> **Exercise requirements**: Output the records again verbatim.

═══ Source data

theorem mainTheorem6:
  fixes p :: "'x::finite \<Rightarrow> 'x \<Rightarrow> 'w::finite \<Rightarrow> real"
    and d :: "'x \<Rightarrow> 'x \<Rightarrow> real"
    and \<rho> \<epsilon> :: real
    and as :: "nat \<Rightarrow> ('y::finite \<Rightarrow> 'x \<Rightarrow> 'w \<Rightarrow> real)"
    and bs :: "nat \<Rightarrow> ('x \<Rightarrow> 'y \<Rightarrow> real)"
  assumes p: "pmf3 p"
    and d: "\<forall>x xh. d x xh \<ge> 0"
    and rho: "\<rho> \<ge> 0"
    and eps: "\<epsilon> > 0"
    and init: "as 0 \<in> senderPolicies" "bs 0 \<in> receiverPolicies"
    and even_step: "\<forall>k. k \<ge> 1 \<and> even k \<longrightarrow>
        (\<exists>\<alpha>'. \<alpha>' \<in> senderPolicies \<and>
              (\<forall>\<alpha>\<in>senderPolicies. Ucost p d \<rho> \<alpha>' (bs (k - 1)) \<le> Ucost p d \<rho> \<alpha> (bs (k - 1))) \<and>
              as k = (if Ucost p d \<rho> (as (k - 1)) (bs (k - 1)) - Ucost p d \<rho> \<alpha>' (bs (k - 1)) > \<epsilon>
                      then \<alpha>' else as (k - 1)) \<and>
              bs k = bs (k - 1))"
    and odd_step: "\<forall>k. k \<ge> 1 \<and> odd k \<longrightarrow>
        (\<exists>\<beta>'. \<beta>' \<in> receiverPolicies \<and>
              (\<forall>\<beta>\<in>receiverPolicies. Vcost p d (as (k - 1)) \<beta>' \<le> Vcost p d (as (k - 1)) \<beta>) \<and>
              bs k = (if Vcost p d (as (k - 1)) (bs (k - 1)) - Vcost p d (as (k - 1)) \<beta>' > \<epsilon>
                      then \<beta>' else bs (k - 1)) \<and>
              as k = as (k - 1))"
  shows "\<forall>k. real k \<ge> 3 + Psi p d \<rho> (as 0) (bs 0) / \<epsilon> \<longrightarrow> (as k, bs k) \<in> epsNash p d \<rho> \<epsilon>"
proof -
  interpret alternating_threshold_dynamics senderPolicies receiverPolicies
    "Ucost p d \<rho>" "Vcost p d" "Psi p d \<rho>" \<epsilon> as bs
  proof
    show "0 \<le> Psi p d \<rho> a b" if "a \<in> senderPolicies" "b \<in> receiverPolicies" for a b
      using xi_nonneg[OF p d that] mutual_information_nonneg[OF p that(1)] rho
      unfolding Psi_def by simp
    show "\<exists>a'. a' \<in> senderPolicies \<and> (\<forall>a\<in>senderPolicies. Ucost p d \<rho> a' (bs i) \<le> Ucost p d \<rho> a (bs i)) \<and>
        as (Suc i) = (if Ucost p d \<rho> (as i) (bs i) - Ucost p d \<rho> a' (bs i) > \<epsilon> then a' else as i) \<and>
        bs (Suc i) = bs i" if "even (Suc i)" for i
      using even_step[rule_format, of "Suc i"] that unfolding diff_Suc_1 by simp
    show "\<exists>b'. b' \<in> receiverPolicies \<and> (\<forall>b\<in>receiverPolicies. Vcost p d (as i) b' \<le> Vcost p d (as i) b) \<and>
        bs (Suc i) = (if Vcost p d (as i) (bs i) - Vcost p d (as i) b' > \<epsilon> then b' else bs i) \<and>
        as (Suc i) = as i" if "odd (Suc i)" for i
      using odd_step[rule_format, of "Suc i"] that unfolding diff_Suc_1 by simp
  qed (use eps init in \<open>auto simp: Ucost_def Vcost_def Psi_def\<close>)
  show ?thesis
    using eventually_eps_nash unfolding epsNash_def eps_nash_def eps_best_def by simp
qed

end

══════

> **Result for this exercise**:
theorem mainTheorem6:
  fixes p :: "'x::finite \<Rightarrow> 'x \<Rightarrow> 'w::finite \<Rightarrow> real"
    and d :: "'x \<Rightarrow> 'x \<Rightarrow> real"
    and \<rho> \<epsilon> :: real
    and as :: "nat \<Rightarrow> ('y::finite \<Rightarrow> 'x \<Rightarrow> 'w \<Rightarrow> real)"
    and bs :: "nat \<Rightarrow> ('x \<Rightarrow> 'y \<Rightarrow> real)"
  assumes p: "pmf3 p"
    and d: "\<forall>x xh. d x xh \<ge> 0"
    and rho: "\<rho> \<ge> 0"
    and eps: "\<epsilon> > 0"
    and init: "as 0 \<in> senderPolicies" "bs 0 \<in> receiverPolicies"
    and even_step: "\<forall>k. k \<ge> 1 \<and> even k \<longrightarrow>
        (\<exists>\<alpha>'. \<alpha>' \<in> senderPolicies \<and>
              (\<forall>\<alpha>\<in>senderPolicies. Ucost p d \<rho> \<alpha>' (bs (k - 1)) \<le> Ucost p d \<rho> \<alpha> (bs (k - 1))) \<and>
              as k = (if Ucost p d \<rho> (as (k - 1)) (bs (k - 1)) - Ucost p d \<rho> \<alpha>' (bs (k - 1)) > \<epsilon>
                      then \<alpha>' else as (k - 1)) \<and>
              bs k = bs (k - 1))"
    and odd_step: "\<forall>k. k \<ge> 1 \<and> odd k \<longrightarrow>
        (\<exists>\<beta>'. \<beta>' \<in> receiverPolicies \<and>
              (\<forall>\<beta>\<in>receiverPolicies. Vcost p d (as (k - 1)) \<beta>' \<le> Vcost p d (as (k - 1)) \<beta>) \<and>
              bs k = (if Vcost p d (as (k - 1)) (bs (k - 1)) - Vcost p d (as (k - 1)) \<beta>' > \<epsilon>
                      then \<beta>' else bs (k - 1)) \<and>
              as k = as (k - 1))"
  shows "\<forall>k. real k \<ge> 3 + Psi p d \<rho> (as 0) (bs 0) / \<epsilon> \<longrightarrow> (as k, bs k) \<in> epsNash p d \<rho> \<epsilon>"
proof -
  interpret alternating_threshold_dynamics senderPolicies receiverPolicies
    "Ucost p d \<rho>" "Vcost p d" "Psi p d \<rho>" \<epsilon> as bs
  proof
    show "0 \<le> Psi p d \<rho> a b" if "a \<in> senderPolicies" "b \<in> receiverPolicies" for a b
      using xi_nonneg[OF p d that] mutual_information_nonneg[OF p that(1)] rho
      unfolding Psi_def by simp
    show "\<exists>a'. a' \<in> senderPolicies \<and> (\<forall>a\<in>senderPolicies. Ucost p d \<rho> a' (bs i) \<le> Ucost p d \<rho> a (bs i)) \<and>
        as (Suc i) = (if Ucost p d \<rho> (as i) (bs i) - Ucost p d \<rho> a' (bs i) > \<epsilon> then a' else as i) \<and>
        bs (Suc i) = bs i" if "even (Suc i)" for i
      using even_step[rule_format, of "Suc i"] that unfolding diff_Suc_1 by simp
    show "\<exists>b'. b' \<in> receiverPolicies \<and> (\<forall>b\<in>receiverPolicies. Vcost p d (as i) b' \<le> Vcost p d (as i) b) \<and>
        bs (Suc i) = (if Vcost p d (as i) (bs i) - Vcost p d (as i) b' > \<epsilon> then b' else bs i) \<and>
        as (Suc i) = as i" if "odd (Suc i)" for i
      using odd_step[rule_format, of "Suc i"] that unfolding diff_Suc_1 by simp
  qed (use eps init in \<open>auto simp: Ucost_def Vcost_def Psi_def\<close>)
  show ?thesis
    using eventually_eps_nash unfolding epsNash_def eps_nash_def eps_best_def by simp
qed

end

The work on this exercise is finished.